[The task] Count the lines below that contain "thesis". Answer with the number alone.
● ● ●
lemma truncated_dual_square_div_le: "(truncated_dual K w f x)\<^sup>2 * (1 / w x) \<le> f x * truncated_dual K w f x"
proof (cases "\<bar>f x\<bar> \<le> real K \<and> w x > 0")
  case True
  define m where "m = max 0 (min (w x) (real K))"
  have "m * m \<le> m * w x" using True unfolding m_def by (intro mult_left_mono) auto
  then have "(f x)\<^sup>2 * (m * m / w x) \<le> (f x)\<^sup>2 * m"
    using True by (intro mult_left_mono) (auto simp: field_simps)
  then show ?thesis using True unfolding mult_truncated_dual truncated_dual_def m_def[symmetric]
    by (simp add: power2_eq_square field_simps)
qed (auto simp: truncated_dual_def)

lemma incseq_mult_truncated_dual: "incseq (\<lambda>K. f x * truncated_dual K w f x)"
  unfolding mult_truncated_dual by (rule incseq_SucI) (auto intro!: mult_left_mono)

lemma SUP_mult_truncated_dual:
  "(SUP K. ennreal (f x * truncated_dual K w f x)) = ennreal ((f x)\<^sup>2 * w x)"
proof (cases "w x > 0")
  case True
  define K0 where "K0 = nat \<lceil>max \<bar>f x\<bar> (w x)\<rceil>"
  have "max \<bar>f x\<bar> (w x) \<le> real K0" unfolding K0_def by linarith
  then have K0: "f x * truncated_dual K0 w f x = (f x)\<^sup>2 * w x"
    unfolding mult_truncated_dual using True by auto
  have "f x * truncated_dual K w f x \<le> (f x)\<^sup>2 * w x" for K
    unfolding mult_truncated_dual using True by (auto intro: mult_left_mono)
  then show ?thesis
    by (intro antisym SUP_least ennreal_leI) (auto intro: SUP_upper2[of K0] simp: K0)
next
  case False
  then have "(\<lambda>K. ennreal (f x * truncated_dual K w f x)) = (\<lambda>K. 0)"
    unfolding mult_truncated_dual by auto
  moreover have "ennreal ((f x)\<^sup>2 * w x) = 0"
    using False by (simp add: ennreal_eq_0_iff mult_nonneg_nonpos)
  ultimately show ?thesis by (simp only:) simp
qed

lemma borel_measurable_truncated_dual [measurable]:
  assumes [measurable]: "w \<in> borel_measurable M" "f \<in> borel_measurable M"
  shows "truncated_dual K w f \<in> borel_measurable M"
  unfolding truncated_dual_def[abs_def] by measurable

context finite_measure
begin

lemma integrable_indicator_sets: "A \<in> sets M \<Longrightarrow> integrable M (indicator A :: 'a \<Rightarrow> real)"
  by (simp add: less_top[symmetric])

lemma integrable_step:
  "finite P \<Longrightarrow> P \<subseteq> sets M \<Longrightarrow> integrable M (\<lambda>x. \<Sum>J\<in>P. c J * indicator J x :: real)"
  by (intro Bochner_Integration.integrable_sum integrable_mult_right integrable_indicator_sets) auto

lemma integral_step:
  assumes "finite P" "P \<subseteq> sets M"
  shows "(\<integral>x. (\<Sum>J\<in>P. c J * indicator J x) \<partial>M) = (\<Sum>J\<in>P. c J * measure M J)"
proof -
  have "(\<integral>x. (\<Sum>J\<in>P. c J * indicator J x) \<partial>M) = (\<Sum>J\<in>P. (\<integral>x. c J * indicator J x \<partial>M))"
    using assms by (intro Bochner_Integration.integral_sum integrable_mult_right integrable_indicator_sets) auto
  also have "\<dots> = (\<Sum>J\<in>P. c J * measure M J)"
    using assms sets.Int_space_eq2 by (intro sum.cong refl) auto
  finally show ?thesis .
qed

end

lemma integrable_mult_bounded:
  fixes g h :: "'a \<Rightarrow> real"
  assumes g: "integrable M g" and h: "h \<in> borel_measurable M" and hb: "\<And>x. x \<in> space M \<Longrightarrow> \<bar>h x\<bar> \<le> K"
  shows "integrable M (\<lambda>x. g x * h x)"
proof (rule Bochner_Integration.integrable_bound[of _ "\<lambda>x. K * g x"])
  show "AE x in M. norm (g x * h x) \<le> norm (K * g x)"
  proof (rule AE_I2)
    fix x assume "x \<in> space M"
    then have "\<bar>g x\<bar> * \<bar>h x\<bar> \<le> \<bar>g x\<bar> * \<bar>K\<bar>" using hb by (intro mult_left_mono) force+
    then show "norm (g x * h x) \<le> norm (K * g x)" by (simp add: abs_mult mult.commute)
  qed
qed (use g h in auto)

locale atomic_filtration_space = prob_space M for M :: "'a measure" +
  fixes D :: "nat \<Rightarrow> 'a set set"
  assumes atomic_filtration: "atomic_filtration M D"
begin

lemma finite_atoms: "finite (D n)"
  and disjoint_atoms: "disjoint (D n)"
  and Union_atoms: "\<Union>(D n) = space M"
  and atom_sets: "I \<in> D n \<Longrightarrow> I \<in> sets M"
  and atom_measure_pos: "I \<in> D n \<Longrightarrow> 0 < measure M I"
  and atoms_0: "D 0 = {space M}"
  and sigma_atoms_Suc: "sigma_sets (space M) (D n) \<subseteq> sigma_sets (space M) (D (Suc n))"
  and sets_eq_sigma_atoms: "sets M = sigma_sets (space M) (\<Union>n. D n)"
  using atomic_filtration unfolding atomic_filtration_def by auto

lemma atom_subset_space: "I \<in> D n \<Longrightarrow> I \<subseteq> space M"
  using atom_sets sets.sets_into_space by blast

lemma atom_nonempty: "I \<in> D n \<Longrightarrow> I \<noteq> {}"
  using atom_measure_pos by fastforce

lemma obtain_atom:
  assumes "x \<in> space M" obtains J where "J \<in> D n" "x \<in> J"
  using assms Union_atoms[of n] by blast

lemma sigma_atoms_mono: "n \<le> m \<Longrightarrow> sigma_sets (space M) (D n) \<subseteq> sigma_sets (space M) (D m)"
  by (induction m rule: dec_induct) (use sigma_atoms_Suc in auto)

lemma sigma_atoms_subset_sets: "sigma_sets (space M) (D n) \<subseteq> sets M"
  unfolding sets_eq_sigma_atoms by (rule sigma_sets_mono') auto

lemma atom_subset_or_disjoint_sigma:
  assumes "A \<in> sigma_sets (space M) (D n)" "n \<le> m" "J \<in> D m"
  shows "J \<subseteq> A \<or> J \<inter> A = {}"
  using sigma_sets_subset_or_disjoint[OF disjoint_atoms _ assms(3) atom_subset_space[OF assms(3)]]
    sigma_atoms_mono[OF assms(2)] assms(1) by blast

lemma atom_subset_or_disjoint: "n \<le> m \<Longrightarrow> I \<in> D n \<Longrightarrow> J \<in> D m \<Longrightarrow> J \<subseteq> I \<or> J \<inter> I = {}"
  using atom_subset_or_disjoint_sigma[of I n m J] by (meson sigma_sets.Basic)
● ● ●
[Result below] 4